▸ Material provided
lemma p_subgroup_subset_subnormaliser:
  assumes p: "Factorial_Ring.prime p" and R: "subgroup R G" "card R = p ^ k" "x \<in> R"
  shows "R \<subseteq> subnormaliser G x"
proof
  fix r assume r: "r \<in> R"
  have "x \<in> carrier G" "r \<in> carrier G" using R(1,3) r subgroup.subset by auto
  then have K: "subgroup (generate G {x, r}) G" and X: "subgroup (generate G {x}) G"
    by (auto intro: generate_is_subgroup)
  have "generate G {x, r} \<subseteq> R" using generate_subgroup_incl[OF _ R(1)] R(3) r by simp
  then obtain j where "card (generate G {x, r}) = p ^ j"
    using card_subgroup_of_p_group[OF p R(1,2) K] by blast
  moreover have "generate G {x} \<subseteq> generate G {x, r}" by (rule mono_generate) blast
  ultimately have "subnormal_in G (generate G {x}) (generate G {x, r})"
    using subnormal_in_p_group[OF p K] X by blast
  with \<open>r \<in> carrier G\<close> show "r \<in> subnormaliser G x" by (rule mem_subnormaliserI)
qed

lemma normalizer_p_subgroup_subset_subnormaliser:
  assumes p: "Factorial_Ring.prime p" and P: "subgroup P G" "card P = p ^ k" "x \<in> P"
  shows "normalizer G P \<subseteq> subnormaliser G x"
proof
  fix n assume n: "n \<in> normalizer G P"
  define K where "K = generate G {x, n}"
  have PG: "P \<subseteq> carrier G" using P(1) subgroup.subset by blast
  have nG: "n \<in> carrier G" using n mem_normalizer_iff[OF PG] by blast
  have xG: "x \<in> carrier G" using P(3) PG by blast
  have K: "subgroup K G" unfolding K_def using xG nG by (auto intro: generate_is_subgroup)
  have X: "subgroup (generate G {x}) G" using xG by (auto intro: generate_is_subgroup)
  have "x \<in> normalizer G P" using subgroup_subset_normalizer[OF P(1)] P(3) by blast
  then have "K \<subseteq> normalizer G P"
    unfolding K_def using generate_subgroup_incl[OF _ normalizer_imp_subgroup[OF PG]] n by simp
  then have K_N: "K \<subseteq> normalizer G (P \<inter> K)"
    using subgroup_subset_normalizer[OF K] normalizer_Int[OF PG subgroup.subset[OF K]] by blast
  have PK: "subgroup (P \<inter> K) G" by (rule subgroup_Int[OF P(1) K])
  then obtain j where "card (P \<inter> K) = p ^ j"
    using card_subgroup_of_p_group[OF p P(1,2)] by blast
  moreover have "generate G {x} \<subseteq> P \<inter> K"
    unfolding K_def using generate_subgroup_incl[OF _ P(1)] P(3) mono_generate[of "{x}" "{x, n}"]
    by auto
  ultimately have "subnormal_in G (generate G {x}) (P \<inter> K)"
    using subnormal_in_p_group[OF p PK] X by blast
  moreover have "P \<inter> K \<lhd> G\<lparr>carrier := K\<rparr>"
    using normal_of_subset_normalizer[OF PK K _ K_N] by blast
  ultimately have "subnormal_in G (generate G {x}) K"
    using subnormal_in.sn_step[OF _ K] by blast
  with nG show "n \<in> subnormaliser G x" unfolding K_def by (rule mem_subnormaliserI)
qed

▸ Assigned task
Go through the listing above and copy each line in which the string "where" is found.

▸ Written answer
  then obtain j where "card (generate G {x, r}) = p ^ j"
  define K where "K = generate G {x, n}"
  then obtain j where "card (P \<inter> K) = p ^ j"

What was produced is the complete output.